British Columbia's population, like the country's, will be much older. Aging will be the dominant underlying factor here and across Canada, its impact unfolding incrementally but irreversibly.

Aging will produce one change that no political party wants to tackle, certainly not in the federal campaign now under way: Governments of whatever stripe will need more money but will find their revenues shrinking.

B.C.'s population, for example, now has 31 people 65 years old or over for every 100 working-age persons. In a decade, the ratio will be 41 to 100. Ten years later, in 2035, the ratio will be 48 to 100, according to a recent paper from the Business Council of British Columbia's policy analysts Jock Finlayson and Ken Peacock.

Put matters another way. The number of people in B.C. over 65 is growing at four times the rate of the number of people 25 to 64 years of age.

Fewer people working within the overall population means – at current rates of taxation – less revenue for government. Argue Messrs.
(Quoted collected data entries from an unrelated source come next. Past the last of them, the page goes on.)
lemma dalembert_wbar:
  "dalembert (n + m) G (wbar n m \<epsilon> \<phi>x \<phi>t) p =
     - ((real n - 2) * \<epsilon> / (2 * rho_of \<epsilon> p)) *
       ((real n - 3) * f_of p / (rho_of \<epsilon> p)\<^sup>2 - (real n + real m - 2) * r_of p / (2 * rho_of \<epsilon> p))"
proof -
  let ?w = "wbar n m \<epsilon> \<phi>x \<phi>t" and ?K = "(real n - 2) * \<epsilon> / 2" and ?\<rho> = "rho_of \<epsilon> p"
  have grad: "pdiff j ?w q = ?K * grad_f_over_rho \<epsilon> j q" if "q \<in> near" for j q
    using pdiff_cong_near[OF that wbar_eq_formula] pdiff_wbar_formula[OF near_nonzero(1)[OF that]]
    by simp
  have hess: "pdiff i (\<lambda>q. pdiff j ?w q) p = pdiff i (\<lambda>q. ?K * grad_f_over_rho \<epsilon> j q) p" for i j
    by (rule pdiff_cong_near[OF p_near]) (rule grad)
  have "dalembert (n + m) G ?w p =
      - (pdiff 0 (\<lambda>q. pdiff 1 ?w q) p + pdiff 1 (\<lambda>q. pdiff 0 ?w q) p) / 2
      - (pdiff 0 ?w p * (\<Sum>i<n + m. gbar_warp n m \<epsilon> 1 p i)
         + pdiff 1 ?w p * (\<Sum>i<n + m. gbar_warp n m \<epsilon> 0 p i)) / 4"
    by (rule dalembert_eq[OF p_near])
      (simp_all add: grad[OF p_near] hess grad_f_over_rho_def pdiff_const_along)
  also have "\<dots> = 2 * ?K * f_of p / ?\<rho> ^ 3
      - ?K * ((p 0)\<^sup>2 * (\<Sum>i<n + m. gbar_warp n m \<epsilon> 0 p i)
              - (p 1)\<^sup>2 * (\<Sum>i<n + m. gbar_warp n m \<epsilon> 1 p i)) / (4 * ?\<rho>\<^sup>2)"
    unfolding hess grad[OF p_near] pdiff_scaled_grad_f_over_rho[OF rho_p]
    using rho_p by (simp add: grad_f_over_rho_def field_simps)
  also have "\<dots> = - ((real n - 2) * \<epsilon> / (2 * ?\<rho>)) *
       ((real n - 3) * f_of p / ?\<rho>\<^sup>2 - (real n + real m - 2) * r_of p / (2 * ?\<rho>))"
    unfolding sum_gbar_warp_weighted[OF p_near] using rho_p
    by (simp add: field_simps power2_eq_square power3_eq_cube)
  finally show ?thesis .
qed

lemma gbar_null_angular:
  assumes "i < 2" and "2 \<le> j"
  shows "G q i j = 0" and "G q j i = 0"
proof -
  consider "i = 0" | "i = 1" using assms(1) by linarith
  then show "G q i j = 0" by cases (use assms(2) in \<open>simp_all add: row_u row_v\<close>)
  then show "G q j i = 0" by (simp add: symmetric)
qed

lemma pibar_eq_hessian:
  assumes "q \<in> near"
  shows "pibar n m \<epsilon> \<phi>x \<phi>t q i j = (if (i = 0 \<and> j = 1) \<or> (i = 1 \<and> j = 0) then -1 else 0)
     + ((q 1 * gbar_warp n m \<epsilon> 1 q i + q 0 * gbar_warp n m \<epsilon> 0 q i) / 4 - hbar \<epsilon> q) * G q i j"
proof -
  have "hessian (n + m) G f_of q i j = pdiff i (\<lambda>q. pdiff j f_of q) q
      - G q i j * (gbar_warp n m \<epsilon> 1 q i * pdiff 0 f_of q + gbar_warp n m \<epsilon> 0 q i * pdiff 1 f_of q) / 4"
    by (rule hessian_eq[OF assms]) (simp add: pdiff_f_of)
  then show ?thesis
    unfolding pibar_def pdiff_pdiff_f_of by (simp add: pdiff_f_of field_simps)
qed

lemma pibar_eq:
  assumes "q \<in> near"
  shows "pibar n m \<epsilon> \<phi>x \<phi>t q i j =
     (if (i = 0 \<and> j = 1) \<or> (i = 1 \<and> j = 0) then \<epsilon> * f_of q / rho_of \<epsilon> q
      else if is_x n i then \<epsilon> * f_of q / (2 * rho_of \<epsilon> q) * G q i j
      else if is_t n m i then - (\<epsilon> * f_of q / (2 * rho_of \<epsilon> q)) * G q i j
      else 0)"
proof -
  note \<pi> = pibar_eq_hessian[OF assms] and \<rho> = near_nonzero(1)[OF assms]
  consider (uv) "(i = 0 \<and> j = 1) \<or> (i = 1 \<and> j = 0)" | (x) "is_x n i" | (t) "is_t n m i"
    | (zero) "\<not> ((i = 0 \<and> j = 1) \<or> (i = 1 \<and> j = 0))" "\<not> is_x n i" "\<not> is_t n m i"
    by blast
  then show ?thesis
  proof cases
    case uv
    then show ?thesis
      using n_pos \<rho> by (auto simp: \<pi> gbar_def gbar_warp_def is_x_def is_t_def hbar_def field_simps)
  next
    case x
    then show ?thesis
      using \<rho> by (auto simp: \<pi> gbar_warp_euler_x is_x_def hbar_def field_simps)
  next
    case t
    moreover have "\<not> is_x n i" using t is_x_not_is_t by blast
    ultimately show ?thesis
      using n_pos near_nonzero(2)[OF assms] by (auto simp: \<pi> gbar_warp_euler_t is_t_def hbar_def)
  next
    case zero
    then have "G q i j = 0" by (simp add: gbar_def)
    then show ?thesis using zero by (auto simp: \<pi>)
  qed
qed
Finlayson and Peacock: "Absent a major windfall from new resource development, demographic projections suggest that the province may need to explore ways to make the tax system less vulnerable to 'revenue erosion' linked to population aging and a slowdown in the growth of the work force."

Other parts of Canada will be hit harder than B.C. In the Maritimes and Quebec, the population is already older than in the rest of Canada. Their dependency ratio – older people out of the work force as a share of the total population – is already higher than elsewhere, and will get worse faster.

Governments will not be easily shielded from the twin challenges of revenue erosion and higher costs for health care and old-age support.

Perhaps people should work longer. Terrific idea for some, but the average age of retirement in Canada has actually declined by one or two years. The average retirement age is below where it was in the early 1980s, report Mr. Finlayson and Mr. Peacock.

Get more women into the work force. Yes, but female participation rates in Canada are on the high side by international standards. Get more aboriginals into the work force. Absolutely, but that will be a slow process. Improve Canada's productivity, low by world standards. Absolutely again, but the productivity bugbear has been holding Canada back for a long time. It's hard to imagine turning it around quickly, if at all.

Campaigning politicians always promise higher economic growth. Alas for them, for reasons largely beyond their control, economic growth is going to be slower in the next decade than in previous ones. Lower taxes have been the preferred policy for stimulating growth under the federal Conservatives. Yet look at the first two quarters of this year – negative growth, with a forecast for all of 2015 likely at or below a feeble 1.5 per cent.

Canada is a storehouse of natural resources that have always provided a healthy share of natural wealth. Two factors call this into question.

First, natural resource projects are now wrapped in tangles of regulations, environmental opposition and aboriginal claims. Trying to get approval in B.C. for major projects costs a fortune for the proponents.

Second, world commodity markets have softened after a decade of boom. Bauxite and potash prices are fine, but those for oil, natural gas, many minerals and even some agricultural products have slumped. The boom days are over, quite likely for quite a while.

B.C.'s Liberal government had banked heavily on liquefied natural gas as a new source of large and sustained revenue. It isn't going to happen. Next week, the legislature will be debating an agreement between the government and the consortium led by Petronas of Malaysia.

That project might go forward – although predictably another aboriginal group has popped up objecting that it was not adequately consulted – because the developers have both upstream gas and will build the LNG facility.

Other projects will be stillborn, because Asian buyers have been signed up by Australian and U.S. producers. B.C. came too late to the LNG party.

The sharply older population will reshape society and put enormous pressures on governments. Will anyone talk about it during the campaign?